Who wants to join me in a big pasta and PJ’s party?

We’re talking comfort food, on the couch, with a good RomCom. The perfect solution for cold nights. Last week, the movie It’s Complicated popped up on the TV. It’s been a long time and I forgot how much I loved that movie the first time around! It serves up a bit of romance, with twists and turns, and of course, the underdog that you’re hoping wins the girl at the end…

When you’ve got a great movie on the TV – Your food needs to be just as “dig in” worthy. This great recipe is just that.
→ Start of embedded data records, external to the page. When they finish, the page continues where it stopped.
(* There is no flag complex whose $h$-polynomial $h_0+h_1t+\cdots+h_dt^d$ equals $1+3t+3t^2$; that is, no flag complex of dimension $d-1\ge 1$ has $h$-vector $(1,3,3,0,\ldots,0)$. In particular, the face vector $(1,3,3)$ of the boundary of a triangle is not the $h$-vector of any flag complex.
   Context: A flag complex is the independence complex $\mathrm{Ind}(G)$ of a graph $G$ (faces are independent sets). For a $(d-1)$-dimensional complex with face vector $(f_{-1},\ldots,f_{d-1})$ ($f_i$ = number of faces with $i+1$ elements), the $h$-vector is $(h_0,\ldots,h_d)$ with $h_j=\sum_{i=0}^{j}(-1)^{j-i}\binom{d-i}{j-i}f_{i-1}$. *)

theory Defs
  imports Main
begin

text \<open>A finite simple graph is given by a finite vertex set V and a symmetric,
irreflexive edge relation E. The faces of the flag complex Ind(G) are the
independent sets of G.\<close>

definition indep_sets :: "'a set \<Rightarrow> ('a \<Rightarrow> 'a \<Rightarrow> bool) \<Rightarrow> 'a set set" where
  "indep_sets V E = {S. S \<subseteq> V \<and> (\<forall>x\<in>S. \<forall>y\<in>S. \<not> E x y)}"

text \<open>d = (dimension of Ind(G)) + 1 = maximal size of a face.\<close>
definition ind_d :: "'a set \<Rightarrow> ('a \<Rightarrow> 'a \<Rightarrow> bool) \<Rightarrow> nat" where
  "ind_d V E = Max (card ` indep_sets V E)"

text \<open>face_num V E i = f_{i-1} = number of faces with i elements.\<close>
definition face_num :: "'a set \<Rightarrow> ('a \<Rightarrow> 'a \<Rightarrow> bool) \<Rightarrow> nat \<Rightarrow> nat" where
  "face_num V E i = card {S \<in> indep_sets V E. card S = i}"

definition h_vec :: "'a set \<Rightarrow> ('a \<Rightarrow> 'a \<Rightarrow> bool) \<Rightarrow> nat \<Rightarrow> int" where
  "h_vec V E j = (\<Sum>i=0..j. (-1) ^ (j - i) * int ((ind_d V E - i) choose (j - i)) * int (face_num V E i))"

end

theory Submission imports Defs begin

(* Let G = (V, E) be a loopless graph whose flag complex Ind(G) has h-vector
   (1, 3, 3, 0, ..., 0) with d = ind_d V E >= 2; write n for the number of vertices, m for the
   number of edges and f_k for the number of faces with k elements.  A k-set is a face unless
   it contains an edge, so f_0 = 1, f_1 = n and f_2 = C(n,2) - m.  Hence h_1 = n - d forces
   n = d + 3, and then h_2 = 6 - m forces m = 3.  If two of the three edges shared a vertex,
   two vertices would cover all edges and their complement would be a face of size n - 2 > d;
   so the edges form a matching.  A matching has 2m <= n, whence d >= 3, and in a matching
   every 3-set contains at most one edge, so f_3 = C(n,3) - m(n - 2) and h_3 = 10 - 3m = 1,
   contradicting h_3 = 0.
   The file develops edges and face counts, then the vertex-cover bound on d and its
   consequences for three edges, then the closed forms of h_1, h_2, h_3, and finally the
   theorem. *)

definition edges :: "'a set \<Rightarrow> ('a \<Rightarrow> 'a \<Rightarrow> bool) \<Rightarrow> 'a set set" where
  "edges V E = {{x, y} | x y. x \<in> V \<and> y \<in> V \<and> E x y}"

lemma edges_subset: "e \<in> edges V E \<Longrightarrow> e \<subseteq> V"
  unfolding edges_def by auto

lemma finite_edges: "finite V \<Longrightarrow> finite (edges V E)"
  by (rule finite_subset[of _ "Pow V"]) (auto dest: edges_subset)

lemma card_edge:
  assumes "\<And>x. \<not> E x x" and "e \<in> edges V E"
  shows "card e = 2"
proof -
  obtain x y where "e = {x, y}" and "E x y" using assms(2) unfolding edges_def by blast
  moreover have "x \<noteq> y" using assms(1) \<open>E x y\<close> by metis
  ultimately show ?thesis by simp
qed

lemma indep_sets_iff: "S \<in> indep_sets V E \<longleftrightarrow> S \<subseteq> V \<and> (\<forall>e\<in>edges V E. \<not> e \<subseteq> S)"
proof -
  have "(\<exists>e\<in>edges V E. e \<subseteq> S) \<longleftrightarrow> (\<exists>x\<in>S. \<exists>y\<in>S. E x y)" if "S \<subseteq> V"
    using that unfolding edges_def by auto
  then show ?thesis unfolding indep_sets_def by auto
qed

definition edge_ksets :: "'a set \<Rightarrow> ('a \<Rightarrow> 'a \<Rightarrow> bool) \<Rightarrow> nat \<Rightarrow> 'a set set" where
  "edge_ksets V E k = {S. S \<subseteq> V \<and> card S = k \<and> (\<exists>e\<in>edges V E. e \<subseteq> S)}"

lemma face_num_complement:
  assumes "finite V"
  shows "int (face_num V E k) = int (card V choose k) - int (card (edge_ksets V E k))"
proof -
  let ?K = "{S. S \<subseteq> V \<and> card S = k}"
  have faces: "{S \<in> indep_sets V E. card S = k} = ?K - edge_ksets V E k"
    unfolding edge_ksets_def indep_sets_iff by blast
  have sub: "edge_ksets V E k \<subseteq> ?K" and fin: "finite ?K"
    using assms unfolding edge_ksets_def by auto
  then have "card (edge_ksets V E k) \<le> card ?K" by (rule card_mono[rotated])
  then show ?thesis
    unfolding face_num_def faces card_Diff_subset[OF finite_subset[OF sub fin] sub]
    using n_subsets[OF assms] by simp
qed

lemma edge_ksets_small:
  assumes "finite V" "\<And>x. \<not> E x x" "k < 2"
  shows "edge_ksets V E k = {}"
proof -
  have False if "S \<subseteq> V" "card S = k" "e \<in> edges V E" "e \<subseteq> S" for S e
    using card_mono[OF finite_subset[OF that(1) assms(1)] that(4)]
      card_edge[where E=E, OF assms(2) that(3)] that(2) assms(3) by simp
  then show ?thesis unfolding edge_ksets_def by blast
qed

lemma edge_ksets_two:
  assumes "finite V" "\<And>x. \<not> E x x"
  shows "edge_ksets V E 2 = edges V E"
proof (intro equalityI subsetI)
  fix S assume "S \<in> edge_ksets V E 2"
  then obtain e where S: "S \<subseteq> V" "card S = 2" and e: "e \<in> edges V E" "e \<subseteq> S"
    unfolding edge_ksets_def by blast
  have "e = S"
    using card_subset_eq[OF finite_subset[OF S(1) assms(1)] e(2)]
      card_edge[where E=E, OF assms(2) e(1)] S(2) by simp
  then show "S \<in> edges V E" using e(1) by simp
next
  fix e assume "e \<in> edges V E"
  then show "e \<in> edge_ksets V E 2"
    unfolding edge_ksets_def using card_edge[where E=E, OF assms(2)] edges_subset by blast
qed

text \<open>The 3-subsets of V containing a fixed edge e are the sets e + x with x outside e.\<close>
lemma card_3_supersets_of_edge:
  assumes "finite V" "\<And>x. \<not> E x x" "e \<in> edges V E"
  shows "card {S. S \<subseteq> V \<and> card S = 3 \<and> e \<subseteq> S} = card V - 2"
proof -
  have ce: "card e = 2" using card_edge[where E=E, OF assms(2,3)] .
  then have fe: "finite e" by (intro card_ge_0_finite) simp
  have eV: "e \<subseteq> V" using edges_subset[OF assms(3)] .
  have "S \<in> (\<lambda>x. insert x e) ` (V - e)" if S: "S \<subseteq> V" "card S = 3" "e \<subseteq> S" for S
  proof -
    have "card (S - e) = 1" using S ce card_Diff_subset[OF fe] by simp
    then obtain x where "S - e = {x}" using card_1_singletonE by blast
    then show ?thesis using S by blast
  qed
  then have "{S. S \<subseteq> V \<and> card S = 3 \<and> e \<subseteq> S} = (\<lambda>x. insert x e) ` (V - e)"
    using eV fe ce by auto
  moreover have "inj_on (\<lambda>x. insert x e) (V - e)" by (rule inj_onI) blast
  ultimately have "card {S. S \<subseteq> V \<and> card S = 3 \<and> e \<subseteq> S} = card (V - e)"
    by (simp add: card_image)
  then show ?thesis using card_Diff_subset[OF fe eV] ce by simp
qed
It’s got al the fall flavors you crave. A creamy sauce, fresh herbs, winter squash. And the best part is this easy dinner will be on your table in 30 minutes!

It’s creamy, cheesy, a little bit spicy, and easily devoured by the spoonful. It’s a dish that’s low key and simple to make, but totally “share-worthy” too. This dish can certainly impress some dinner guests!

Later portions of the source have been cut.